→ Action item
Exactly as they appear below, repeat the lines from the one with "define g where" through the one with "unfolding g_def by", and no others.

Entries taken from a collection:
lemma sums_norm_sq_div_circle:
  assumes holf: "f holomorphic_on ball 0 R" and z: "norm z = \<rho>" "0 < \<rho>" "\<rho> < R"
  shows "(\<lambda>m. f z * cnj (taylor_coeff f m) * of_real (\<rho> ^ (2*m)) / z ^ Suc m)
           sums (of_real (norm (f z) ^ 2) / z)"
proof -
  have "z \<noteq> 0" using z by auto
  have cnj_z: "cnj z = of_real (\<rho>\<^sup>2) / z"
    using complex_norm_square[of z] \<open>z \<noteq> 0\<close> z(1) by (simp add: field_simps)
  have "(\<lambda>m. cnj (taylor_coeff f m * z ^ m)) sums cnj (f z)"
    using taylor_coeff_power_series[OF holf] z by (intro sums_cnj[THEN iffD2]) simp
  then have "(\<lambda>m. f z * cnj (taylor_coeff f m * z ^ m) / z) sums (f z * cnj (f z) / z)"
    by (intro sums_mult sums_divide)
  moreover have "f z * cnj (taylor_coeff f m * z ^ m) / z
      = f z * cnj (taylor_coeff f m) * of_real (\<rho> ^ (2*m)) / z ^ Suc m" for m
    by (simp add: cnj_z power_divide field_simps flip: power_mult power_mult_distrib)
  ultimately show ?thesis
    using complex_norm_square[of "f z"] by simp
qed

lemma has_contour_integral_circlepath_taylor_term:
  assumes holf: "f holomorphic_on ball 0 R" and "0 < \<rho>" "\<rho> < R"
  shows "((\<lambda>z. f z * cnj (taylor_coeff f m) * of_real (\<rho> ^ (2*m)) / z ^ Suc m)
           has_contour_integral 2 * pi * \<i> * of_real (norm (taylor_coeff f m) ^ 2 * \<rho> ^ (2*m)))
         (circlepath 0 \<rho>)"
proof -
  have "((\<lambda>z. f z / (z - 0) ^ Suc m) has_contour_integral 2 * pi * \<i> / fact m * (deriv ^^ m) f 0)
          (circlepath 0 \<rho>)"
    using assms
    by (intro Cauchy_has_contour_integral_higher_derivative_circlepath
          holomorphic_on_imp_continuous_on holomorphic_on_subset[OF holf]) auto
  then have "((\<lambda>z. cnj (taylor_coeff f m) * of_real (\<rho> ^ (2*m)) * (f z / z ^ Suc m))
      has_contour_integral cnj (taylor_coeff f m) * of_real (\<rho> ^ (2*m)) * (2 * pi * \<i> * taylor_coeff f m))
      (circlepath 0 \<rho>)"
    by (intro has_contour_integral_lmul) (simp add: taylor_coeff_def)
  moreover have "cnj (taylor_coeff f m) * of_real (\<rho> ^ (2*m)) * (2 * pi * \<i> * taylor_coeff f m)
      = 2 * pi * \<i> * of_real (norm (taylor_coeff f m) ^ 2 * \<rho> ^ (2*m))"
    using complex_norm_square[of "taylor_coeff f m"] by (simp add: algebra_simps)
  ultimately have "((\<lambda>z. cnj (taylor_coeff f m) * of_real (\<rho> ^ (2*m)) * (f z / z ^ Suc m))
      has_contour_integral 2 * pi * \<i> * of_real (norm (taylor_coeff f m) ^ 2 * \<rho> ^ (2*m)))
      (circlepath 0 \<rho>)"
    by argo
  then show ?thesis
    by (rule has_contour_integral_eq) (simp add: field_simps)
qed

lemma uniform_limit_taylor_terms_circle:
  assumes holf: "f holomorphic_on ball 0 R" and \<rho>: "0 < \<rho>" "\<rho> < R"
  defines "g m z \<equiv> f z * cnj (taylor_coeff f m) * of_real (\<rho> ^ (2*m)) / z ^ Suc m"
  shows "uniform_limit (sphere 0 \<rho>) (\<lambda>N z. \<Sum>m<N. g m z) (\<lambda>z. \<Sum>m. g m z) sequentially"
proof -
  obtain B where B: "\<And>z. z \<in> sphere 0 \<rho> \<Longrightarrow> norm (f z) \<le> B"
  proof -
    have "continuous_on (sphere 0 \<rho>) f"
      using \<rho> by (intro holomorphic_on_imp_continuous_on holomorphic_on_subset[OF holf]) auto
    then have "bounded (f ` sphere 0 \<rho>)"
      by (intro compact_imp_bounded compact_continuous_image) auto
    then show ?thesis
      using that unfolding bounded_iff by blast
  qed
  have "summable (\<lambda>m. norm (taylor_coeff f m * of_real \<rho> ^ m))"
  proof (rule powser_insidea)
    show "summable (\<lambda>m. taylor_coeff f m * of_real ((\<rho> + R) / 2) ^ m)"
    proof (rule sums_summable[OF taylor_coeff_power_series[OF holf]])
      show "norm (complex_of_real ((\<rho> + R) / 2)) < R"
        using \<rho> by (simp only: norm_of_real) auto
    qed
    show "norm (complex_of_real \<rho>) < norm (complex_of_real ((\<rho> + R) / 2))"
      using \<rho> by (simp only: norm_of_real) auto
  qed
  moreover have "norm (g m z) \<le> B / \<rho> * norm (taylor_coeff f m * of_real \<rho> ^ m)"
    if "z \<in> sphere 0 \<rho>" for m z
  proof -
    have "norm (g m z) = norm (f z) * (norm (taylor_coeff f m) * \<rho> ^ m) / \<rho>"
      using that \<rho> by (simp add: g_def norm_mult norm_divide norm_power power_mult_distrib
          field_simps flip: power_mult power2_eq_square)
    also have "\<dots> \<le> B * (norm (taylor_coeff f m) * \<rho> ^ m) / \<rho>"
      using B[OF that] \<rho> by (intro divide_right_mono mult_right_mono) auto
    finally show ?thesis
      using \<rho> by (simp add: norm_mult norm_power)
  qed
  ultimately show ?thesis
    by (intro Weierstrass_m_test[where M = "\<lambda>m. B / \<rho> * norm (taylor_coeff f m * of_real \<rho> ^ m)"])
      (auto intro: summable_mult)
qed

text \<open>Since \<open>cnj z = \<rho>^2/z\<close> on the circle, \<open>|f|^2/z\<close> is the sum of the terms integrated above, and
  the convergence is uniform, so the series can be integrated termwise.\<close>

lemma Parseval_circlepath:
  assumes holf: "f holomorphic_on ball 0 R" and \<rho>: "0 < \<rho>" "\<rho> < R"
  shows "summable (\<lambda>m. norm (taylor_coeff f m) ^ 2 * \<rho> ^ (2*m))"
    and "((\<lambda>z. of_real (norm (f z) ^ 2) / z) has_contour_integral
           2 * pi * \<i> * of_real (\<Sum>m. norm (taylor_coeff f m) ^ 2 * \<rho> ^ (2*m))) (circlepath 0 \<rho>)"
proof -
  define g where "g m z = f z * cnj (taylor_coeff f m) * of_real (\<rho> ^ (2*m)) / z ^ Suc m" for m z
  define s where "s N = (\<Sum>m<N. norm (taylor_coeff f m) ^ 2 * \<rho> ^ (2*m))" for N
  have unif: "uniform_limit (sphere 0 \<rho>) (\<lambda>N z. \<Sum>m<N. g m z) (\<lambda>z. \<Sum>m. g m z) sequentially"
    unfolding g_def by (rule uniform_limit_taylor_terms_circle[OF holf \<rho>])
  have partial: "((\<lambda>z. \<Sum>m<N. g m z) has_contour_integral 2 * pi * \<i> * of_real (s N)) (circlepath 0 \<rho>)" for N
    unfolding s_def of_real_sum sum_distrib_left g_def
    by (intro has_contour_integral_sum has_contour_integral_circlepath_taylor_term[OF holf \<rho>]) auto
  have "\<forall>\<^sub>F N in sequentially. (\<lambda>z. \<Sum>m<N. g m z) contour_integrable_on circlepath 0 \<rho>"
    using partial by (intro always_eventually allI has_contour_integral_integrable)
  note lim = contour_integral_uniform_limit_circlepath[OF this unif trivial_limit_sequentially \<rho>(1)]
  define I where "I = contour_integral (circlepath 0 \<rho>) (\<lambda>z. \<Sum>m. g m z)"
  have "(\<lambda>N. 2 * pi * \<i> * of_real (s N)) \<longlonglongrightarrow> I"
    using lim(2) unfolding I_def contour_integral_unique[OF partial] .
  then have "(\<lambda>N. 2 * pi * \<i> * of_real (s N) / (2 * pi * \<i>)) \<longlonglongrightarrow> I / (2 * pi * \<i>)"
    by (intro tendsto_divide tendsto_const) auto
  then have lim_complex: "(\<lambda>N. of_real (s N)) \<longlonglongrightarrow> I / (2 * pi * \<i>)"
    by simp
  then have lim_real: "s \<longlonglongrightarrow> Re (I / (2 * pi * \<i>))"
    using tendsto_Re by fastforce
  then have sums: "(\<lambda>m. norm (taylor_coeff f m) ^ 2 * \<rho> ^ (2*m)) sums Re (I / (2 * pi * \<i>))"
    unfolding sums_def s_def .
  then show "summable (\<lambda>m. norm (taylor_coeff f m) ^ 2 * \<rho> ^ (2*m))"
    by (rule sums_summable)
  have "I = 2 * pi * \<i> * of_real (Re (I / (2 * pi * \<i>)))"
  proof -
    have "(\<lambda>N. of_real (s N)) \<longlonglongrightarrow> complex_of_real (Re (I / (2 * pi * \<i>)))"
      using lim_real by (rule tendsto_of_real)
    then have "I / (2 * pi * \<i>) = of_real (Re (I / (2 * pi * \<i>)))"
      using lim_complex LIMSEQ_unique by blast
    then show ?thesis
      by (simp add: field_simps)
  qed
  moreover have "((\<lambda>z. \<Sum>m. g m z) has_contour_integral I) (circlepath 0 \<rho>)"
    unfolding I_def using lim(1) by (rule has_contour_integral_integral)
  ultimately have "((\<lambda>z. \<Sum>m. g m z) has_contour_integral
      2 * pi * \<i> * of_real (\<Sum>m. norm (taylor_coeff f m) ^ 2 * \<rho> ^ (2*m))) (circlepath 0 \<rho>)"
    using sums by (simp add: sums_iff)
  then show "((\<lambda>z. of_real (norm (f z) ^ 2) / z) has_contour_integral
           2 * pi * \<i> * of_real (\<Sum>m. norm (taylor_coeff f m) ^ 2 * \<rho> ^ (2*m))) (circlepath 0 \<rho>)"
  proof (rule has_contour_integral_eq)
    show "(\<Sum>m. g m z) = of_real (norm (f z) ^ 2) / z" if "z \<in> path_image (circlepath 0 \<rho>)" for z
      using sums_norm_sq_div_circle[OF holf _ \<rho>, of z] that \<rho> unfolding g_def
      by (simp add: sums_iff path_image_circlepath)
  qed
qed

lemma Bessel_circlepath:
  assumes holf: "f holomorphic_on ball 0 R" and \<rho>: "0 < \<rho>" "\<rho> < R"
    and bound: "\<And>z. norm z = \<rho> \<Longrightarrow> norm (f z) \<le> M"
  shows "(\<Sum>m. norm (taylor_coeff f m) ^ 2 * \<rho> ^ (2*m)) \<le> M ^ 2"
proof -
  define S where "S = (\<Sum>m. norm (taylor_coeff f m) ^ 2 * \<rho> ^ (2*m))"
  have "S \<ge> 0"
    unfolding S_def using Parseval_circlepath(1)[OF holf \<rho>] by (intro suminf_nonneg) auto
  have "0 \<le> norm (f \<rho>)" by simp
  also have "\<dots> \<le> M" using bound \<rho> by simp
  finally have "M \<ge> 0" .
  have "norm (2 * pi * \<i> * of_real S) \<le> M ^ 2 / \<rho> * (2 * pi * \<rho>)"
  proof (rule has_contour_integral_bound_circlepath)
    show "((\<lambda>z. of_real (norm (f z) ^ 2) / z) has_contour_integral 2 * pi * \<i> * of_real S) (circlepath 0 \<rho>)"
      unfolding S_def by (rule Parseval_circlepath(2)[OF holf \<rho>])
    show "norm (of_real (norm (f z) ^ 2) / z) \<le> M ^ 2 / \<rho>" if "norm (z - 0) = \<rho>" for z
      using that bound[of z] \<rho> by (simp add: norm_divide norm_power divide_right_mono power_mono)
  qed (use \<rho> in auto)
  then show ?thesis
    using \<open>S \<ge> 0\<close> \<rho> by (simp add: norm_mult S_def[symmetric])
qed

lemma taylor_coeff_Suc: "taylor_coeff f (Suc m) = taylor_coeff (deriv f) m / of_nat (Suc m)"
  unfolding taylor_coeff_def by (simp add: funpow_Suc_right del: funpow.simps) (simp add: field_simps)

lemma taylor_coeff_eventually_monomial:
  assumes "eventually (\<lambda>z. f z = c * z ^ n) (nhds 0)"
  shows "taylor_coeff f m = (if m = n then c else 0)"
proof -
  have "(deriv ^^ m) f 0 = (deriv ^^ m) (\<lambda>z. c * z ^ n) 0"
    by (rule higher_deriv_cong_ev[OF assms refl])
  also have "\<dots> = c * (deriv ^^ m) (\<lambda>z. z ^ n) 0"
    by (rule higher_deriv_cmult[of _ UNIV]) (auto intro: holomorphic_intros)
  also have "\<dots> = c * (pochhammer (of_nat (Suc n - m)) m * 0 ^ (n - m))"
    using higher_deriv_power[of m "0::complex" n 0] by simp
  also have "\<dots> = (if m = n then c * fact n else 0)"
    by (cases m n rule: linorder_cases) (auto simp: pochhammer_fact pochhammer_0_left)
  finally show ?thesis
    by (simp add: taylor_coeff_def)
qed

lemma power_series_tail_le:
  fixes c :: "nat \<Rightarrow> real"
  assumes c: "\<And>m. 0 \<le> c m" and summable: "summable (\<lambda>m. c m * \<rho> ^ m)"
    and r: "0 \<le> r" "r \<le> \<rho>" and "0 < \<rho>"
  shows "summable (\<lambda>j. c (j + n) * r ^ (j + n))"
    and "(\<Sum>j. c (j + n) * r ^ (j + n)) \<le> (r / \<rho>) ^ n * (\<Sum>m. c m * \<rho> ^ m)"
proof -
  have tail: "summable (\<lambda>j. c (j + n) * \<rho> ^ (j + n))"
    using summable by (rule summable_ignore_initial_segment)
  have le: "c (j + n) * r ^ (j + n) \<le> (r / \<rho>) ^ n * (c (j + n) * \<rho> ^ (j + n))" for j
  proof -
    have "r ^ j \<le> \<rho> ^ j" using r by (intro power_mono) auto
    then have "(r / \<rho>) ^ n * \<rho> ^ n * r ^ j \<le> (r / \<rho>) ^ n * \<rho> ^ n * \<rho> ^ j"
      using r \<open>0 < \<rho>\<close> by (intro mult_left_mono) auto
    then have "r ^ (j + n) \<le> (r / \<rho>) ^ n * \<rho> ^ (j + n)"
      using \<open>0 < \<rho>\<close> by (simp add: power_add power_divide mult.commute)
    then show ?thesis
      using c[of "j + n"] by (simp add: mult_left_mono mult.left_commute)
  qed
  have scaled: "summable (\<lambda>j. (r / \<rho>) ^ n * (c (j + n) * \<rho> ^ (j + n)))"
    using tail by (rule summable_mult)
  show "summable (\<lambda>j. c (j + n) * r ^ (j + n))"
    using r c by (intro summable_comparison_test'[OF scaled, of 0]) (auto intro: le)
  then have "(\<Sum>j. c (j + n) * r ^ (j + n)) \<le> (\<Sum>j. (r / \<rho>) ^ n * (c (j + n) * \<rho> ^ (j + n)))"
    using le scaled by (intro suminf_le)
  also have "\<dots> = (r / \<rho>) ^ n * (\<Sum>j. c (j + n) * \<rho> ^ (j + n))"
    by (rule suminf_mult[OF tail])
  also have "\<dots> \<le> (r / \<rho>) ^ n * (\<Sum>m. c m * \<rho> ^ m)"
  proof (rule mult_left_mono)
    show "(\<Sum>j. c (j + n) * \<rho> ^ (j + n)) \<le> (\<Sum>m. c m * \<rho> ^ m)"
      using suminf_split_initial_segment[OF summable, of n] c \<open>0 < \<rho>\<close> by (simp add: sum_nonneg)
  qed (use r \<open>0 < \<rho>\<close> in auto)
  finally show "(\<Sum>j. c (j + n) * r ^ (j + n)) \<le> (r / \<rho>) ^ n * (\<Sum>m. c m * \<rho> ^ m)" .
qed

→ Solved exercise
  define g where "g m z = f z * cnj (taylor_coeff f m) * of_real (\<rho> ^ (2*m)) / z ^ Suc m" for m z
  define s where "s N = (\<Sum>m<N. norm (taylor_coeff f m) ^ 2 * \<rho> ^ (2*m))" for N
  have unif: "uniform_limit (sphere 0 \<rho>) (\<lambda>N z. \<Sum>m<N. g m z) (\<lambda>z. \<Sum>m. g m z) sequentially"
    unfolding g_def by (rule uniform_limit_taylor_terms_circle[OF holf \<rho>])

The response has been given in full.